## [THE TASK]
Set the following entries down again exactly, line by line.

## [DATA FOR ANALYSIS]
theorem theorem3p4:
  fixes \<phi> :: "'k::{finite,field} \<Rightarrow> 'L::{finite,field}" and s :: nat
  assumes "CARD('k) \<ge> 3"
    and "s \<ge> 1"
    and "CARD('L) = CARD('k) ^ s"
    and "is_field_hom \<phi>"
  shows "{P :: 'k poly. c_wieferich P \<and> non_fixed P \<and> degree P = s} =
         {P :: 'k poly. lead_coeff P = 1 \<and> irreducible P \<and>
            (\<exists>C \<in> B_set \<phi> s. \<exists>\<alpha> \<in> C. \<exists>R :: 'k poly.
               map_poly \<phi> R = R_poly CARD('k) s \<alpha> \<and> P dvd R)}"
proof -
  interpret field_extension \<phi> "CARD('k)" s
    using assms(3,4) by unfold_locales (simp_all add: field_hom_def)
  show ?thesis
    using B_member_of_wieferich wieferich_of_B_member
    by (auto simp: bex_B_set_iff c_wieferich_def)
qed

end
(* Assume the approximating hidden model described in the context, with each $\hat h_k$ $\mathcal Y_k$-measurable, and let $q_k=\bar E[\Lambda_{0,k}X_k\mid\mathcal Y_k]$ (given by $q_0=B(y_0)p_0$, $q_{k+1}=B(y_{k+1})A(\hat h_k)q_k$). Fix $i\ne j$ and let $N^{ji}_k=\sum_{\ell=1}^k\langle X_{\ell-1},e_i\rangle\langle X_\ell,e_j\rangle$ (the number of jumps from $e_i$ to $e_j$ up to time $k$), and $\sigma(N^{ji}_kX_k)=\bar E[\Lambda_{0,k}N^{ji}_kX_k\mid\mathcal Y_k]$. Then $\sigma(N^{ji}_0X_0)=0$ and for all $k\ge0$ $$\sigma(N^{ji}_{k+1}X_{k+1})=B(y_{k+1})A(\hat h_k)\,\sigma(N^{ji}_kX_k)+a_{ji}(\hat h_k)\,\langle q_k,e_i\rangle\,\gamma_j(y_{k+1})\,e_j .$$
   Context: Notation: $S=\{e_1,\dots,e_N\}$ unit vectors of $\mathbb R^N$; $\pi_i$ probability distributions on $\{1,2,\dots\}$ with $F_i(k)=\sum_{m>k}\pi_i(m)>0$; $p_{ji}\ge0$ ($j\ne i$) with $\sum_{j\ne i}p_{ji}=1$; hazard $\Delta^i(k)=\pi_i(k)/F_i(k-1)$ for $k\ge1$; $A(k)$ is the $N\times N$ matrix with $a_{ii}(k)=1-\Delta^i(k)$ and $a_{ji}(k)=p_{ji}\Delta^i(k)$ for $j\ne i$. Vectors $c,d\in\mathbb R^N$ with $d_i>0$; $\phi$ is the $N(0,1)$ density; $\gamma_j(y)=\dfrac{\phi((y-c_j)/d_j)}{d_j\phi(y)}$ and $B(y)=\mathrm{diag}(\gamma_1(y),\dots,\gamma_N(y))$. $\lambda_k=\gamma_j(y_k)$ on $\{X_k=e_j\}$ and $\Lambda_{0,k}=\prod_{\ell=0}^k\lambda_\ell$. $\mathcal Y_k=\sigma(y_0,\dots,y_k)$, $\mathcal Y_\infty=\sigma(y_0,y_1,\dots)$. Approximating hidden model: under a probability $\bar P$, $y_0,y_1,\dots$ are i.i.d. $N(0,1)$; $\hat h_0,\hat h_1,\dots$ are positive-integer-valued $\mathcal Y_\infty$-measurable random variables; and conditionally on $\mathcal Y_\infty$, $X=(X_k)$ is an $S$-valued Markov chain with $\bar P(X_0=e_i\mid\mathcal Y_\infty)=p_0^i$ (a fixed distribution $p_0$) and $\bar P(X_{k+1}=e_j\mid X_0,\dots,X_k,\mathcal Y_\infty)=a_{ji}(\hat h_k)$ on $\{X_k=e_i\}$. *)

theory Defs
  imports "HOL-Probability.Probability"
begin

text \<open>States e_1..e_N are encoded by the elements of a finite type 'i;
  X k w = i means X_k = e_i.\<close>

definition Fsurv :: "('i \<Rightarrow> nat pmf) \<Rightarrow> 'i \<Rightarrow> nat \<Rightarrow> real" where
  "Fsurv \<pi> i k = measure_pmf.prob (\<pi> i) {k<..}"

definition hazard :: "('i \<Rightarrow> nat pmf) \<Rightarrow> 'i \<Rightarrow> nat \<Rightarrow> real" where
  "hazard \<pi> i k = pmf (\<pi> i) k / Fsurv \<pi> i (k - 1)"

text \<open>Amat \<pi> p k j i is the entry a_{ji}(k) of A(k).\<close>
definition Amat :: "('i \<Rightarrow> nat pmf) \<Rightarrow> ('i \<Rightarrow> 'i \<Rightarrow> real) \<Rightarrow> nat \<Rightarrow> 'i \<Rightarrow> 'i \<Rightarrow> real" where
  "Amat \<pi> p k j i = (if j = i then 1 - hazard \<pi> i k else p j i * hazard \<pi> i k)"

definition gam :: "('i \<Rightarrow> real) \<Rightarrow> ('i \<Rightarrow> real) \<Rightarrow> 'i \<Rightarrow> real \<Rightarrow> real" where
  "gam c d j y = std_normal_density ((y - c j) / d j) / (d j * std_normal_density y)"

## [WRITTEN ANSWER]
theorem theorem3p4:
  fixes \<phi> :: "'k::{finite,field} \<Rightarrow> 'L::{finite,field}" and s :: nat
  assumes "CARD('k) \<ge> 3"
    and "s \<ge> 1"
    and "CARD('L) = CARD('k) ^ s"
    and "is_field_hom \<phi>"
  shows "{P :: 'k poly. c_wieferich P \<and> non_fixed P \<and> degree P = s} =
         {P :: 'k poly. lead_coeff P = 1 \<and> irreducible P \<and>
            (\<exists>C \<in> B_set \<phi> s. \<exists>\<alpha> \<in> C. \<exists>R :: 'k poly.
               map_poly \<phi> R = R_poly CARD('k) s \<alpha> \<and> P dvd R)}"
proof -
  interpret field_extension \<phi> "CARD('k)" s
    using assms(3,4) by unfold_locales (simp_all add: field_hom_def)
  show ?thesis
    using B_member_of_wieferich wieferich_of_B_member
    by (auto simp: bex_B_set_iff c_wieferich_def)
qed

end
(* Assume the approximating hidden model described in the context, with each $\hat h_k$ $\mathcal Y_k$-measurable, and let $q_k=\bar E[\Lambda_{0,k}X_k\mid\mathcal Y_k]$ (given by $q_0=B(y_0)p_0$, $q_{k+1}=B(y_{k+1})A(\hat h_k)q_k$). Fix $i\ne j$ and let $N^{ji}_k=\sum_{\ell=1}^k\langle X_{\ell-1},e_i\rangle\langle X_\ell,e_j\rangle$ (the number of jumps from $e_i$ to $e_j$ up to time $k$), and $\sigma(N^{ji}_kX_k)=\bar E[\Lambda_{0,k}N^{ji}_kX_k\mid\mathcal Y_k]$. Then $\sigma(N^{ji}_0X_0)=0$ and for all $k\ge0$ $$\sigma(N^{ji}_{k+1}X_{k+1})=B(y_{k+1})A(\hat h_k)\,\sigma(N^{ji}_kX_k)+a_{ji}(\hat h_k)\,\langle q_k,e_i\rangle\,\gamma_j(y_{k+1})\,e_j .$$
   Context: Notation: $S=\{e_1,\dots,e_N\}$ unit vectors of $\mathbb R^N$; $\pi_i$ probability distributions on $\{1,2,\dots\}$ with $F_i(k)=\sum_{m>k}\pi_i(m)>0$; $p_{ji}\ge0$ ($j\ne i$) with $\sum_{j\ne i}p_{ji}=1$; hazard $\Delta^i(k)=\pi_i(k)/F_i(k-1)$ for $k\ge1$; $A(k)$ is the $N\times N$ matrix with $a_{ii}(k)=1-\Delta^i(k)$ and $a_{ji}(k)=p_{ji}\Delta^i(k)$ for $j\ne i$. Vectors $c,d\in\mathbb R^N$ with $d_i>0$; $\phi$ is the $N(0,1)$ density; $\gamma_j(y)=\dfrac{\phi((y-c_j)/d_j)}{d_j\phi(y)}$ and $B(y)=\mathrm{diag}(\gamma_1(y),\dots,\gamma_N(y))$. $\lambda_k=\gamma_j(y_k)$ on $\{X_k=e_j\}$ and $\Lambda_{0,k}=\prod_{\ell=0}^k\lambda_\ell$. $\mathcal Y_k=\sigma(y_0,\dots,y_k)$, $\mathcal Y_\infty=\sigma(y_0,y_1,\dots)$. Approximating hidden model: under a probability $\bar P$, $y_0,y_1,\dots$ are i.i.d. $N(0,1)$; $\hat h_0,\hat h_1,\dots$ are positive-integer-valued $\mathcal Y_\infty$-measurable random variables; and conditionally on $\mathcal Y_\infty$, $X=(X_k)$ is an $S$-valued Markov chain with $\bar P(X_0=e_i\mid\mathcal Y_\infty)=p_0^i$ (a fixed distribution $p_0$) and $\bar P(X_{k+1}=e_j\mid X_0,\dots,X_k,\mathcal Y_\infty)=a_{ji}(\hat h_k)$ on $\{X_k=e_i\}$. *)

theory Defs
  imports "HOL-Probability.Probability"
begin

text \<open>States e_1..e_N are encoded by the elements of a finite type 'i;
  X k w = i means X_k = e_i.\<close>

definition Fsurv :: "('i \<Rightarrow> nat pmf) \<Rightarrow> 'i \<Rightarrow> nat \<Rightarrow> real" where
  "Fsurv \<pi> i k = measure_pmf.prob (\<pi> i) {k<..}"

definition hazard :: "('i \<Rightarrow> nat pmf) \<Rightarrow> 'i \<Rightarrow> nat \<Rightarrow> real" where
  "hazard \<pi> i k = pmf (\<pi> i) k / Fsurv \<pi> i (k - 1)"

text \<open>Amat \<pi> p k j i is the entry a_{ji}(k) of A(k).\<close>
definition Amat :: "('i \<Rightarrow> nat pmf) \<Rightarrow> ('i \<Rightarrow> 'i \<Rightarrow> real) \<Rightarrow> nat \<Rightarrow> 'i \<Rightarrow> 'i \<Rightarrow> real" where
  "Amat \<pi> p k j i = (if j = i then 1 - hazard \<pi> i k else p j i * hazard \<pi> i k)"

definition gam :: "('i \<Rightarrow> real) \<Rightarrow> ('i \<Rightarrow> real) \<Rightarrow> 'i \<Rightarrow> real \<Rightarrow> real" where
  "gam c d j y = std_normal_density ((y - c j) / d j) / (d j * std_normal_density y)"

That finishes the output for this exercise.